(Beginning of Material provided)
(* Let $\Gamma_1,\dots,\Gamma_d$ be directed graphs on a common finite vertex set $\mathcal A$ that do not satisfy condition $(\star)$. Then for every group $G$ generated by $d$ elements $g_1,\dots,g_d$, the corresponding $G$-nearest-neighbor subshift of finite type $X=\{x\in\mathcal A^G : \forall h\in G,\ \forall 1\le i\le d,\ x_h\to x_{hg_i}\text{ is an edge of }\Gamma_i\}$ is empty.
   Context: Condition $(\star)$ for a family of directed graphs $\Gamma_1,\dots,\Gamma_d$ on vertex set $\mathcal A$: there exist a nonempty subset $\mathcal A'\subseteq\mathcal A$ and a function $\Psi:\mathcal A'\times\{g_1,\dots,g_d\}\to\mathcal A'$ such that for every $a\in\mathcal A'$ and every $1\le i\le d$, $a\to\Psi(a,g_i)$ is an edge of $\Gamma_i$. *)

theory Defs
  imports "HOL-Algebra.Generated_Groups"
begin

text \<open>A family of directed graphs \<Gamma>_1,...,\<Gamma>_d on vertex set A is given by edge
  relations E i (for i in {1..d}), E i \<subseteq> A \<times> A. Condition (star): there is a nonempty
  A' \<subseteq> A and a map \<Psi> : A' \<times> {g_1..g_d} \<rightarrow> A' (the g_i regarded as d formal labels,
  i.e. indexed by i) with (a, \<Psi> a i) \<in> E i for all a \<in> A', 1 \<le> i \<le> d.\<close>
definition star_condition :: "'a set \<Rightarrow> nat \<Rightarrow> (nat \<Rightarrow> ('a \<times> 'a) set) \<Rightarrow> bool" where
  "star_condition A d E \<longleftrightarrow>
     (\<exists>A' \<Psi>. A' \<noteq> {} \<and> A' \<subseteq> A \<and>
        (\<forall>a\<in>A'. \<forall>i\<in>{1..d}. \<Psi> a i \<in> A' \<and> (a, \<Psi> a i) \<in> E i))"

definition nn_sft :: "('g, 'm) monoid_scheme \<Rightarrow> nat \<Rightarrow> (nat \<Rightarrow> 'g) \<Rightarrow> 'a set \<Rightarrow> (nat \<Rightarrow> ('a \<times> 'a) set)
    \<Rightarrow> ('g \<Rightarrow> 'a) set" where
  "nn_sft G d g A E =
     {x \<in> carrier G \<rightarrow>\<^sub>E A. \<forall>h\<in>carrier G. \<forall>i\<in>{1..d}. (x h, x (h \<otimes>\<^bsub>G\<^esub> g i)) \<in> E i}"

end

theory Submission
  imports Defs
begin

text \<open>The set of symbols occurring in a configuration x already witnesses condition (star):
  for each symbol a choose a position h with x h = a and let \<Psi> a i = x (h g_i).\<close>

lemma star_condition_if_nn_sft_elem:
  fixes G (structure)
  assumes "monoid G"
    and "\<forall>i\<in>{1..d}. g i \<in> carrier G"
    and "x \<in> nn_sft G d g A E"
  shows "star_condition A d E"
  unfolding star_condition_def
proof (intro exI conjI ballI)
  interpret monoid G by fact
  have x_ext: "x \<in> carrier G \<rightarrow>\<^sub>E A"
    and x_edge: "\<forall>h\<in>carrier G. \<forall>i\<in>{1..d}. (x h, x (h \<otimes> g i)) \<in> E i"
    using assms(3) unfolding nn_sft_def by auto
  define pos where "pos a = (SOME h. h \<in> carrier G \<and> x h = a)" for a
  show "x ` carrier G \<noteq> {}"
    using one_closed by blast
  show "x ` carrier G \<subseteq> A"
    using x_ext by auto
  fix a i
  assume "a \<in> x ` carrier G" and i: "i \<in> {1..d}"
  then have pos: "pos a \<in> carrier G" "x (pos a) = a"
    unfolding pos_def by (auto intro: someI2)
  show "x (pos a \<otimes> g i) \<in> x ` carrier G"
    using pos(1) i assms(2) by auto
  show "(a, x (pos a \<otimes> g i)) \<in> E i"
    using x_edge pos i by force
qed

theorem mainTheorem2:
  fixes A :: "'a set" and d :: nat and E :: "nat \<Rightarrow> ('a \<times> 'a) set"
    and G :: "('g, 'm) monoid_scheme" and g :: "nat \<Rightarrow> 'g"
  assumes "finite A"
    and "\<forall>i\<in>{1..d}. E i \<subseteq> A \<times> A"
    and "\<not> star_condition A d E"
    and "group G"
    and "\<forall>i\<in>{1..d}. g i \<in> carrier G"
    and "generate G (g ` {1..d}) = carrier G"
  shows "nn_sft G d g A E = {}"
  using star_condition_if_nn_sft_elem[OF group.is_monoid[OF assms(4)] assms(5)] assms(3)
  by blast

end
(End of Material provided)
▶ [Work to complete]:
All of the lines above that carry the string "imports" need to be found and copied.

▶ [Output below]:
  imports "HOL-Algebra.Generated_Groups"
  imports Defs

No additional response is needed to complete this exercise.